From: Sarah Hoffmann <lonvia@denofr.de>
Date: Sun, 15 Oct 2017 16:08:25 +0000 (+0200)
Subject: Merge remote-tracking branch 'upstream/master'
X-Git-Tag: deploy~358
X-Git-Url: https://git.openstreetmap.org./nominatim.git/commitdiff_plain/4e99f8a3408d59f5c6bf8d934fda7bb3726f2da2?hp=-c

Merge remote-tracking branch 'upstream/master'
---

4e99f8a3408d59f5c6bf8d934fda7bb3726f2da2
diff --combined lib/Geocode.php
index 51b79735,be543012..306255b5
--- a/lib/Geocode.php
+++ b/lib/Geocode.php
@@@ -3,6 -3,7 +3,7 @@@
  namespace Nominatim;
  
  require_once(CONST_BasePath.'/lib/PlaceLookup.php');
+ require_once(CONST_BasePath.'/lib/Phrase.php');
  require_once(CONST_BasePath.'/lib/ReverseGeocode.php');
  require_once(CONST_BasePath.'/lib/SearchDescription.php');
  require_once(CONST_BasePath.'/lib/SearchContext.php');
@@@ -26,7 -27,7 +27,7 @@@ class Geocod
  
      protected $aExcludePlaceIDs = array();
      protected $bDeDupe = true;
 -    protected $bReverseInPlan = false;
 +    protected $bReverseInPlan = true;
  
      protected $iLimit = 20;
      protected $iFinalLimit = 10;
@@@ -668,7 -669,7 +669,7 @@@
          return $aSearchResults;
      }
  
-     public function getGroupedSearches($aSearches, $aPhraseTypes, $aPhrases, $aValidTokens, $aWordFrequencyScores, $bStructuredPhrases, $sNormQuery)
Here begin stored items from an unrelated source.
lemma RLT_eq_marginal:
  assumes "y \<in> RLT d n" "I \<subseteq> {1..d}" "j \<in> PiE I (\<lambda>_. {0..n})"
  shows "y (I, j) = marginal d n (\<lambda>p. y ({1..d}, p)) I j"
  using assms(2,3)
proof (induction "card ({1..d} - I)" arbitrary: I j rule: less_induct)
  case less
  let ?W = "marginal d n (\<lambda>p. y ({1..d}, p)) I j"
  show ?case
  proof (cases "I = {1..d}")
    case True
    then have "j \<in> Eset d n" using less.prems(2) by (simp add: Eset_def)
    then show ?thesis using True marginal_full by simp
  next
    case False
    then have proper: "I \<subset> {1..d}" using less.prems(1) by auto
    let ?S = "{I'. I \<subseteq> I' \<and> I' \<subseteq> {1..d}}"
    let ?sgn = "\<lambda>I'. (-1::real) ^ card (I' - I)"
    let ?F = "\<lambda>I'. \<Sum>j'\<in>{j'\<in>PiE I' (\<lambda>_. {0..n}). restrict j' I = j}. y (I', j')"
    have "finite ?S" by (rule finite_subset[of _ "Pow {1..d}"]) auto
    have "I \<in> ?S" using less.prems(1) by auto
    have "{j'\<in>PiE I (\<lambda>_. {0..n}). restrict j' I = j} = {j}"
      using less.prems(2) by (auto simp: PiE_restrict)
    then have F_self: "?F I = y (I, j)" by simp
    have F_larger: "?F I' = ?W" if "I' \<in> ?S - {I}" for I'
    proof -
      have "card ({1..d} - I') < card ({1..d} - I)"
        using that by (intro psubset_card_mono) auto
      then have "?F I' = (\<Sum>j'\<in>{j'\<in>PiE I' (\<lambda>_. {0..n}). restrict j' I = j}.
                            marginal d n (\<lambda>p. y ({1..d}, p)) I' j')"
        using less.hyps that by (intro sum.cong) auto
      also have "\<dots> = ?W" using that by (intro sum_marginal_refine) auto
      finally show ?thesis .
    qed
    have "0 = (\<Sum>I'\<in>?S. ?sgn I' * ?F I')"
      using assms(1) proper less.prems(2) unfolding RLT_def by auto
    also have "\<dots> = ?sgn I * ?F I + (\<Sum>I'\<in>?S - {I}. ?sgn I' * ?F I')"
      using \<open>finite ?S\<close> \<open>I \<in> ?S\<close> by (rule sum.remove)
    also have "(\<Sum>I'\<in>?S - {I}. ?sgn I' * ?F I') = (\<Sum>I'\<in>?S - {I}. ?sgn I') * ?W"
      unfolding sum_distrib_right by (rule sum.cong) (simp_all add: F_larger)
    also have "?sgn I * ?F I = y (I, j)"
      using F_self by simp
    also have "(\<Sum>I'\<in>?S - {I}. ?sgn I') = (\<Sum>I'\<in>?S. ?sgn I') - 1"
      using sum.remove[OF \<open>finite ?S\<close> \<open>I \<in> ?S\<close>, of ?sgn] by simp
    also have "\<dots> = -1"
      using sum_minus_one_power_card_diff_eq_0[where 'a=real, OF _ proper] by simp
    finally show ?thesis by linarith
  qed
qed

lemma marginal_in_RLT:
  assumes "\<forall>p\<in>Eset d n. w p \<ge> 0" "sum w (Eset d n) = 1"
  shows "(\<lambda>(I, j). marginal d n w I j) \<in> RLT d n"
  unfolding RLT_def
proof (intro CollectI conjI ballI allI impI)
  show "(\<lambda>(I, j). marginal d n w I j) ({}, \<lambda>_. undefined) = 1"
    using assms(2) by (simp add: marginal_empty)
  show "0 \<le> (\<lambda>(I, j). marginal d n w I j) ({1..d}, j)" if "j \<in> Eset d n" for j
    using that assms(1) marginal_full[OF that] by simp
  fix I j assume "I \<subset> {1..d}" "j \<in> PiE I (\<lambda>_. {0..n})"
  have "(\<Sum>I'\<in>{I'. I \<subseteq> I' \<and> I' \<subseteq> {1..d}}. (-1) ^ card (I' - I) *
          (\<Sum>j'\<in>{j'\<in>PiE I' (\<lambda>_. {0..n}). restrict j' I = j}. marginal d n w I' j'))
      = (\<Sum>I'\<in>{I'. I \<subseteq> I' \<and> I' \<subseteq> {1..d}}. (-1) ^ card (I' - I)) * marginal d n w I j"
    unfolding sum_distrib_right by (rule sum.cong) (auto simp: sum_marginal_refine)
  also have "\<dots> = 0"
    using sum_minus_one_power_card_diff_eq_0[where 'a=real, OF _ \<open>I \<subset> {1..d}\<close>] by simp
  finally show "(\<Sum>I'\<in>{I'. I \<subseteq> I' \<and> I' \<subseteq> {1..d}}. (-1) ^ card (I' - I) *
          (\<Sum>j'\<in>{j'\<in>PiE I' (\<lambda>_. {0..n}). restrict j' I = j}.
             (\<lambda>(I, j). marginal d n w I j) (I', j'))) = 0"
    by simp
qed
+     public function getGroupedSearches($aSearches, $aPhrases, $aValidTokens, $bIsStructured)
      {
          /*
               Calculate all searches using aValidTokens i.e.
@@@ -683,15 -684,11 +684,11 @@@
           */
          $iGlobalRank = 0;
  
-         foreach ($aPhrases as $iPhrase => $aPhrase) {
+         foreach ($aPhrases as $iPhrase => $oPhrase) {
              $aNewPhraseSearches = array();
-             if ($bStructuredPhrases) {
-                 $sPhraseType = $aPhraseTypes[$iPhrase];
-             } else {
-                 $sPhraseType = '';
-             }
+             $sPhraseType = $bIsStructured ? $oPhrase->getPhraseType() : '';
  
-             foreach ($aPhrase['wordsets'] as $iWordSet => $aWordset) {
+             foreach ($oPhrase->getWordSets() as $iWordSet => $aWordset) {
                  // Too many permutations - too expensive
                  if ($iWordSet > 120) break;
  
@@@ -710,17 -707,8 +707,8 @@@
                          // If the token is valid
                          if (isset($aValidTokens[' '.$sToken])) {
                              foreach ($aValidTokens[' '.$sToken] as $aSearchTerm) {
-                                 // Recheck if the original word shows up in the query.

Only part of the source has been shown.